Task instructions: Scan the data below for the string "then". Copy every line where it appears.

Stored data:
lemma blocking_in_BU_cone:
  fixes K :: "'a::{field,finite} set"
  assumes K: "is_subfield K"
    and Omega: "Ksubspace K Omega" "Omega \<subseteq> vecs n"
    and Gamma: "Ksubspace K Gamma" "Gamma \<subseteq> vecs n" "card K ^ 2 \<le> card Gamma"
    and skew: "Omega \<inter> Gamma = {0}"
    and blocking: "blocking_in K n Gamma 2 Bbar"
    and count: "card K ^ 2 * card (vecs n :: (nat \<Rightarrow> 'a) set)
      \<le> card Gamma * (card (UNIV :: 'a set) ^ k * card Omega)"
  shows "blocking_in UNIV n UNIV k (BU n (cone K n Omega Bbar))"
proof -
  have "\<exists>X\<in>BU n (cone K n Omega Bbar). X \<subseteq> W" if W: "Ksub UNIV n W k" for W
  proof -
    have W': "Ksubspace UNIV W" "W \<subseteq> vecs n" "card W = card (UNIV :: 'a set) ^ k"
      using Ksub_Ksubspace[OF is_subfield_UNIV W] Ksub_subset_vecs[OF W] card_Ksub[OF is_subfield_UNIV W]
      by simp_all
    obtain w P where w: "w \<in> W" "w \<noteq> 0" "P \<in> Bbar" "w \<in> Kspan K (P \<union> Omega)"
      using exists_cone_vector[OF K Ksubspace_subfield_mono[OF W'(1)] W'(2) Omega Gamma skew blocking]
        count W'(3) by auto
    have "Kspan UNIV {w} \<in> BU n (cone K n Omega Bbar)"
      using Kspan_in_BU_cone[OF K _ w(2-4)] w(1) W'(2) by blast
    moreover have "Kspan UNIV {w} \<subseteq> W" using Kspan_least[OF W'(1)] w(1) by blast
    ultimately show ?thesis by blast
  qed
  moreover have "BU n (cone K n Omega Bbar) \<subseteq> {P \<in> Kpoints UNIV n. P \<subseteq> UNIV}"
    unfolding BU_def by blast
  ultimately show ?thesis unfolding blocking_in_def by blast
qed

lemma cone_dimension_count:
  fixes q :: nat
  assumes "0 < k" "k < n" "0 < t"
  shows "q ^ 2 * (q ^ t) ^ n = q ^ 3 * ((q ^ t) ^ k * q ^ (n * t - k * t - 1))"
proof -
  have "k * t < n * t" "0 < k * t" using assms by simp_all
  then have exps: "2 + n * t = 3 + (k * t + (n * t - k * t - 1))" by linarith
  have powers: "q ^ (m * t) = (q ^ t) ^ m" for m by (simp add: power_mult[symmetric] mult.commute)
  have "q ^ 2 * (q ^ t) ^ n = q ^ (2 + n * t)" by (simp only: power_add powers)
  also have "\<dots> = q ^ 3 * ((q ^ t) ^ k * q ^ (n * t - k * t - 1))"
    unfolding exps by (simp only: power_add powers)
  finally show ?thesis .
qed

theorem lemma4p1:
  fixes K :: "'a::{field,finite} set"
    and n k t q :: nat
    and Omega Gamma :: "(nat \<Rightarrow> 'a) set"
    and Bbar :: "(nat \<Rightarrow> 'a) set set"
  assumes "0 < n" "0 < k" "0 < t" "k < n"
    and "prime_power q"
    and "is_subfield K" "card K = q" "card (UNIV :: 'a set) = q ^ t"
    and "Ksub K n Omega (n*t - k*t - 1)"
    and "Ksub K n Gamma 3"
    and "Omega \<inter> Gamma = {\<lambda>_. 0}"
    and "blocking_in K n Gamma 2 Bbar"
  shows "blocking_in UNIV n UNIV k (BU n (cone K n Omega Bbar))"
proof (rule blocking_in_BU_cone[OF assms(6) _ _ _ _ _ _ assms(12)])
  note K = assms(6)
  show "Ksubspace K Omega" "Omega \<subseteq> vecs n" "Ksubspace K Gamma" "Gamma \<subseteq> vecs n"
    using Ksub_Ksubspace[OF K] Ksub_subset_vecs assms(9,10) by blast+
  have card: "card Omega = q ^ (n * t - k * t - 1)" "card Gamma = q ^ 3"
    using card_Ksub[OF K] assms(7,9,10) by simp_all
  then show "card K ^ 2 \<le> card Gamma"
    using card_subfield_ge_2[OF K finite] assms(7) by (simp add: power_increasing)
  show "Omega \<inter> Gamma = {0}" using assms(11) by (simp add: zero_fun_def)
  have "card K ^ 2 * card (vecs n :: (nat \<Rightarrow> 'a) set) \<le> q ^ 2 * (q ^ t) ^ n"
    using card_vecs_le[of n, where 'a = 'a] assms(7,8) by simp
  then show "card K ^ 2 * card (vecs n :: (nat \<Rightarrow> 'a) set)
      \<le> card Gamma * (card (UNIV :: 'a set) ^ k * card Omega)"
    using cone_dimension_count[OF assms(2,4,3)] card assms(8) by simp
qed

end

Response below:
  then have exps: "2 + n * t = 3 + (k * t + (n * t - k * t - 1))" by linarith
  then show "card K ^ 2 \<le> card Gamma"
  then show "card K ^ 2 * card (vecs n :: (nat \<Rightarrow> 'a) set)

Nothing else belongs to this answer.